START Dataset extract

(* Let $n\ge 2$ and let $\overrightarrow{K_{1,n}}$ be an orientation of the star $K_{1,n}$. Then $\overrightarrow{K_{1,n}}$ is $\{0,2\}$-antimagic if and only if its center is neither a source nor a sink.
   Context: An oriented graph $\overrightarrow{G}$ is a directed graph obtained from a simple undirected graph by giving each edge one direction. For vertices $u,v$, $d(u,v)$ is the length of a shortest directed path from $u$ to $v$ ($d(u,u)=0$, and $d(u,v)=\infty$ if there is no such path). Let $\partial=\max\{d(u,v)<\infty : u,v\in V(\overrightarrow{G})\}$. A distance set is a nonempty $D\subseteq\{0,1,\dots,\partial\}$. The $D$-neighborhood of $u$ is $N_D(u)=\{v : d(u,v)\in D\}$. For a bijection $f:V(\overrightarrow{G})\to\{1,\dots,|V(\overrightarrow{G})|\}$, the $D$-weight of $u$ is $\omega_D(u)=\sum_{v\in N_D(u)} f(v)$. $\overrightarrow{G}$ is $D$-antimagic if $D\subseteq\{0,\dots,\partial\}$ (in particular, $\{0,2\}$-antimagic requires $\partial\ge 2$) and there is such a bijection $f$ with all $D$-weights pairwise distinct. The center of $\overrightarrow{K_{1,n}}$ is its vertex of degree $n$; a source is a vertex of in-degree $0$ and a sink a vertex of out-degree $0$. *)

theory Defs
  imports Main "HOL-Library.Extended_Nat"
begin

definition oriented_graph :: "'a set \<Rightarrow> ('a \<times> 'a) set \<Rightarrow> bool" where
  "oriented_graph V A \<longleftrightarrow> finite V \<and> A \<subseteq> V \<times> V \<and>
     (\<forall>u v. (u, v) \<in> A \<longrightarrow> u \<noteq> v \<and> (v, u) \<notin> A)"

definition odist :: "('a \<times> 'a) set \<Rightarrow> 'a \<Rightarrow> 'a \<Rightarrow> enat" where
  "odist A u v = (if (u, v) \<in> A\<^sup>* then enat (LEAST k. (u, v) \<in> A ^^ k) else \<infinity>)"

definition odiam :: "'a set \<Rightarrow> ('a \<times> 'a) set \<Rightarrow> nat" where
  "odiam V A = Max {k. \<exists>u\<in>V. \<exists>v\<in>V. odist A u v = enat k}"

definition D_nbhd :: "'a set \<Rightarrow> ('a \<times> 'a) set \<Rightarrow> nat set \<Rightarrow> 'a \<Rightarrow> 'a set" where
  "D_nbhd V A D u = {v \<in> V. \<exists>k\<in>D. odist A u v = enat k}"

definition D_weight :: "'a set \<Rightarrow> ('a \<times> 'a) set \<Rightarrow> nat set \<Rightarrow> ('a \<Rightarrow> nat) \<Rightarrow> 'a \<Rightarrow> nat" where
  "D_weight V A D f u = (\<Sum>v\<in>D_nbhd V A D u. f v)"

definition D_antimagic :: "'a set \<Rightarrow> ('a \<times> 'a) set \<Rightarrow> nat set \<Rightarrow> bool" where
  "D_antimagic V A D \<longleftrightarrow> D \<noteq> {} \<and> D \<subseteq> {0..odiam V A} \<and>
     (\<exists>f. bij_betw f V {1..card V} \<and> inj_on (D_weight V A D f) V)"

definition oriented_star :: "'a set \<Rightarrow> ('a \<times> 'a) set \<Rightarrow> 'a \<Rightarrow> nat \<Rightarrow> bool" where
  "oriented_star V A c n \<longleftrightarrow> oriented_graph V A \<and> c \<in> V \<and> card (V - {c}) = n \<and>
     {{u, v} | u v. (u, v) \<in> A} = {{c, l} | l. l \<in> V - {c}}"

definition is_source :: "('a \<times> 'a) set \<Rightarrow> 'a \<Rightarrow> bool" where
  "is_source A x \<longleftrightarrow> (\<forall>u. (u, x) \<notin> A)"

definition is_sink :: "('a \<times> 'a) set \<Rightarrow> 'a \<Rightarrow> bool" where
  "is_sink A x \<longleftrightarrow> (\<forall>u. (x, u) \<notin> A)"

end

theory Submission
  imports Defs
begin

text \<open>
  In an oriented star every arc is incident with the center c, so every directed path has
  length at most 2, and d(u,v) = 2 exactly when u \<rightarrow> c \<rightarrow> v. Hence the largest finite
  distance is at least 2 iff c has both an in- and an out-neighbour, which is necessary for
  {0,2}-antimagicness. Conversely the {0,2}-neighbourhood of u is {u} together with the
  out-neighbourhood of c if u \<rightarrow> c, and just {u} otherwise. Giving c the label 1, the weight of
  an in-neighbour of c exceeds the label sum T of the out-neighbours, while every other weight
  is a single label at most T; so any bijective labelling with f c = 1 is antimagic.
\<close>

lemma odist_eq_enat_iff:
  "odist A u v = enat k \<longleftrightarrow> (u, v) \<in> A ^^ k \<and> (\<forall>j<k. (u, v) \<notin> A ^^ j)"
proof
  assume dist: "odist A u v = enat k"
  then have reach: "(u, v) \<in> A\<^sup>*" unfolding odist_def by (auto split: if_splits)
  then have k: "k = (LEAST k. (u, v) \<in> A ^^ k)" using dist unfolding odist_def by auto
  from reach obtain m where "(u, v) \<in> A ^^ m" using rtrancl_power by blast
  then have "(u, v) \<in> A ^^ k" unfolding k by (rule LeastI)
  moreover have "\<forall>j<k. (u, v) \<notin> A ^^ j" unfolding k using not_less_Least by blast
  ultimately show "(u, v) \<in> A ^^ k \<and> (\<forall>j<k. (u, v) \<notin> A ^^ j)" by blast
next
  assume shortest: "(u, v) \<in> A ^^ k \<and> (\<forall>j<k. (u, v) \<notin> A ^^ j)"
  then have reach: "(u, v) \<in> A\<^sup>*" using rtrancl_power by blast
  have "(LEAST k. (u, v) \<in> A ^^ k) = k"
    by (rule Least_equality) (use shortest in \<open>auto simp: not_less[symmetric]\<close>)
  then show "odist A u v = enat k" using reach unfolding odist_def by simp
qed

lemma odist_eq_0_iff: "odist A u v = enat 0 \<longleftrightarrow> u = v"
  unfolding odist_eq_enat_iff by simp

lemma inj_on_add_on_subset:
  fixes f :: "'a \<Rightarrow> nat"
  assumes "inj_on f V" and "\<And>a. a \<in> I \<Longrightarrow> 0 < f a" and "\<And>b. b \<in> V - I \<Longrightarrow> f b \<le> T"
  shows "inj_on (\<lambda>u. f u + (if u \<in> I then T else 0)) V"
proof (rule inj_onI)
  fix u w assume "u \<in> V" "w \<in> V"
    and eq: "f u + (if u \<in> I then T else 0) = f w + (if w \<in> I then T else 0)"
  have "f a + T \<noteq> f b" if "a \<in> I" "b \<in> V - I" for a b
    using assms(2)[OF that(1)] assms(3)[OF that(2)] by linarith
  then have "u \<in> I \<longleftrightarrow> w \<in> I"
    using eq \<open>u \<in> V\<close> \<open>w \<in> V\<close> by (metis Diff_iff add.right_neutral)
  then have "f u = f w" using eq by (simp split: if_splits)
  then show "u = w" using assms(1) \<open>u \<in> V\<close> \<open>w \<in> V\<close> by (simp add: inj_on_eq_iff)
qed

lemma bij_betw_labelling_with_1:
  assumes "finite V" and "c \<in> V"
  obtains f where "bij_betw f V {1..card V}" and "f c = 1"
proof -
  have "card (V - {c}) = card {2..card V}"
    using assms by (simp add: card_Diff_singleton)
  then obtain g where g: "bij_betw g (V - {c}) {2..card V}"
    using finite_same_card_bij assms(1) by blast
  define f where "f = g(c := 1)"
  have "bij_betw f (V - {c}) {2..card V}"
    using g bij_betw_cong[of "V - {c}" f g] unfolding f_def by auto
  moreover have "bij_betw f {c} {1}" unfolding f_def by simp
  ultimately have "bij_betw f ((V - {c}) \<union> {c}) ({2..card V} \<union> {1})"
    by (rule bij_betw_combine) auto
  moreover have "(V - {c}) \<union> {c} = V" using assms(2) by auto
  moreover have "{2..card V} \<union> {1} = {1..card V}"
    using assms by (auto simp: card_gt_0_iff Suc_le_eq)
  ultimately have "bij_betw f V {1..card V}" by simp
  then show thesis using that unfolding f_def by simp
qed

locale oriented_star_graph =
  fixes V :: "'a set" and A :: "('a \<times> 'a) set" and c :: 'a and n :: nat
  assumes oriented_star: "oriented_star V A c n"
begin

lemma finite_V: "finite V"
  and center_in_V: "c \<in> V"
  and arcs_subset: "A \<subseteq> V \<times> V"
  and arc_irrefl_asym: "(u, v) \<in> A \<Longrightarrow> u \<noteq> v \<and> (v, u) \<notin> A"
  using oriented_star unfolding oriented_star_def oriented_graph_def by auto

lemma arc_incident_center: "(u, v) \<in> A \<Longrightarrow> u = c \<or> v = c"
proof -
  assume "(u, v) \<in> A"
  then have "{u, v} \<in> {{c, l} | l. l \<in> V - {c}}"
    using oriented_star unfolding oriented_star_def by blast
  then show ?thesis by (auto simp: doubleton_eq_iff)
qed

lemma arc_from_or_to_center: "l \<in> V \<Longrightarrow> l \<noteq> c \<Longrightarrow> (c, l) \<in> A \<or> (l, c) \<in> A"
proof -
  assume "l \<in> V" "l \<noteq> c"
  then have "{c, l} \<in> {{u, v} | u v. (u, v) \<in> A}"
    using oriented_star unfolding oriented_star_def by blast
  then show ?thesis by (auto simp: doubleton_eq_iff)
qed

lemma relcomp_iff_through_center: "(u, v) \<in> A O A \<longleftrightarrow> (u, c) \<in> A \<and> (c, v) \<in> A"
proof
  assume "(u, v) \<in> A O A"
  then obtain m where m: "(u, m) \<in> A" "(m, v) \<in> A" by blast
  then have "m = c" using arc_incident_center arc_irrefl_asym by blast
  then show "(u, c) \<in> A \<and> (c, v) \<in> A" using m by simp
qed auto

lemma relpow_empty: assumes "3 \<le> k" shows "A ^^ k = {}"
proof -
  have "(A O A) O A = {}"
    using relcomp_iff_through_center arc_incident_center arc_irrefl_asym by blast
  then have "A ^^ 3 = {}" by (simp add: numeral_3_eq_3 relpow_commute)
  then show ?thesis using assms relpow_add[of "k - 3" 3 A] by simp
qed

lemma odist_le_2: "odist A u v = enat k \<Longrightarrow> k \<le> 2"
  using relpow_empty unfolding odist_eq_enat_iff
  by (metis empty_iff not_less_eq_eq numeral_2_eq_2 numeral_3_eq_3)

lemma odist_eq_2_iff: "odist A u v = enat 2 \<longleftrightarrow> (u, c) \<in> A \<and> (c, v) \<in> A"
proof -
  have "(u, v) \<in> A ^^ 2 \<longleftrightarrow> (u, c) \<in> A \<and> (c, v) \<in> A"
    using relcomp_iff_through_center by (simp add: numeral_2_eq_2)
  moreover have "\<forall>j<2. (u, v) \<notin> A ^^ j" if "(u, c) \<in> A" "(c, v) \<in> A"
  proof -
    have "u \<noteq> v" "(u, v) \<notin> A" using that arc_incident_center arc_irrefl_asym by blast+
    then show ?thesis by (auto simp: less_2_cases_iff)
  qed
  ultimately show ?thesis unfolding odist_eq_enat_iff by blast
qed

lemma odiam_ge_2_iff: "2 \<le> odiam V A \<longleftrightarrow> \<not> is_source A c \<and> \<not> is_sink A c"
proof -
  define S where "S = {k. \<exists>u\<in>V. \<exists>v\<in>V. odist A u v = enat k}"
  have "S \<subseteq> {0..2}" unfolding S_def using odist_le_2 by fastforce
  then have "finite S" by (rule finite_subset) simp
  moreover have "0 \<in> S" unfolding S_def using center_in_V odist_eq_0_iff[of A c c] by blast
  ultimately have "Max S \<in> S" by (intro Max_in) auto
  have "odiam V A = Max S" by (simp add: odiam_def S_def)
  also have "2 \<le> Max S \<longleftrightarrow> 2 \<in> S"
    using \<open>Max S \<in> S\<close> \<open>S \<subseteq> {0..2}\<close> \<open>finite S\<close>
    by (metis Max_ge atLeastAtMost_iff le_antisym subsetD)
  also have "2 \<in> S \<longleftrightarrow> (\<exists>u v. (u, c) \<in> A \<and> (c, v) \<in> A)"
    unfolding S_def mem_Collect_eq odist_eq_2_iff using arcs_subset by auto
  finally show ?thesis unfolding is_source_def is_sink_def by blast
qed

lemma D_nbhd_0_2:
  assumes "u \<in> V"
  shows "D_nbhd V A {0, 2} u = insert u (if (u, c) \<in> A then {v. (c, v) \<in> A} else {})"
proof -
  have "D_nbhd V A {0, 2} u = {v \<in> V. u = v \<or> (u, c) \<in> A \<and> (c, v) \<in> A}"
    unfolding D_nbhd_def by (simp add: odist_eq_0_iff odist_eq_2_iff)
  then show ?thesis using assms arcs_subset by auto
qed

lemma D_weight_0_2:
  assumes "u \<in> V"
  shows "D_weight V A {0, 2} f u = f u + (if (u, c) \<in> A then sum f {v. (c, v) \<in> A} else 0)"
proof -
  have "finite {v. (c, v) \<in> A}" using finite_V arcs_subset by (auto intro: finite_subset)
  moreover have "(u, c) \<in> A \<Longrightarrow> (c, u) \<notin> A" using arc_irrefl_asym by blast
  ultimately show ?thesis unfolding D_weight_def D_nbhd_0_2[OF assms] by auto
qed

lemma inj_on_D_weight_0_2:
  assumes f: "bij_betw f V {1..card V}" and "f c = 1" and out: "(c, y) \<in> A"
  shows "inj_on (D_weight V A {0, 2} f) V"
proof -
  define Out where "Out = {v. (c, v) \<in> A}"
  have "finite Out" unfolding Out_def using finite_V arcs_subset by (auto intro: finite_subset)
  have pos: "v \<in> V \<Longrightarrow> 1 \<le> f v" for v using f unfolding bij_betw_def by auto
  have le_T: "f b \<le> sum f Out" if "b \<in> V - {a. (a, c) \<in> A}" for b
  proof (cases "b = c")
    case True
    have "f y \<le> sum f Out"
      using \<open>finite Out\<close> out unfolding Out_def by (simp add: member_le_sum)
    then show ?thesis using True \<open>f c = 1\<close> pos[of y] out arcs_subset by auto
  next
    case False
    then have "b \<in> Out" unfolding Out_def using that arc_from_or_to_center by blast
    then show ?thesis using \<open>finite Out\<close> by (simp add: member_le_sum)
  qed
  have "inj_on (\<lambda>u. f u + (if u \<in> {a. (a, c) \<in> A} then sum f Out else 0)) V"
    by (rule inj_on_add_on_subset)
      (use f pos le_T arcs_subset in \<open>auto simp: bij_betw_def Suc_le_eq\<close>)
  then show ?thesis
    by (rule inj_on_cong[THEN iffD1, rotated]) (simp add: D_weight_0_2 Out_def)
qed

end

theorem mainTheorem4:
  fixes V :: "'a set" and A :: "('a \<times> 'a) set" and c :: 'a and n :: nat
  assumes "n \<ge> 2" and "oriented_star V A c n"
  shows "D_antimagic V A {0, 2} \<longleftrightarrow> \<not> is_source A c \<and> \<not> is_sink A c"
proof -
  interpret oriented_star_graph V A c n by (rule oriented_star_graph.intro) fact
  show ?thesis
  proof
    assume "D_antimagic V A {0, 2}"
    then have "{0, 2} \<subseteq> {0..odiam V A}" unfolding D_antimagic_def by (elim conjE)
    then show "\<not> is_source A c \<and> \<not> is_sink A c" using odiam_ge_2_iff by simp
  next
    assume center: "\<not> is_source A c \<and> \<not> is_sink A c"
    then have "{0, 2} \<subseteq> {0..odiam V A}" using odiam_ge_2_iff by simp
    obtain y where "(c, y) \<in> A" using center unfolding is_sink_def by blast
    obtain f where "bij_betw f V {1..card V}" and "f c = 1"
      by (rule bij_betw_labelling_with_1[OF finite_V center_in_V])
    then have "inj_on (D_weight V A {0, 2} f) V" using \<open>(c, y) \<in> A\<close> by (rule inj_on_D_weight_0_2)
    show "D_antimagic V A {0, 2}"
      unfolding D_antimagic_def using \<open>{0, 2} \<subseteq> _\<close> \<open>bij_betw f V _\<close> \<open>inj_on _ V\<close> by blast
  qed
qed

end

END Dataset extract

Requirement :: For this exercise, copy every line of the data that holds "neighbourhood".

Expected output ::
  {0,2}-antimagicness. Conversely the {0,2}-neighbourhood of u is {u} together with the
  out-neighbourhood of c if u \<rightarrow> c, and just {u} otherwise. Giving c the label 1, the weight of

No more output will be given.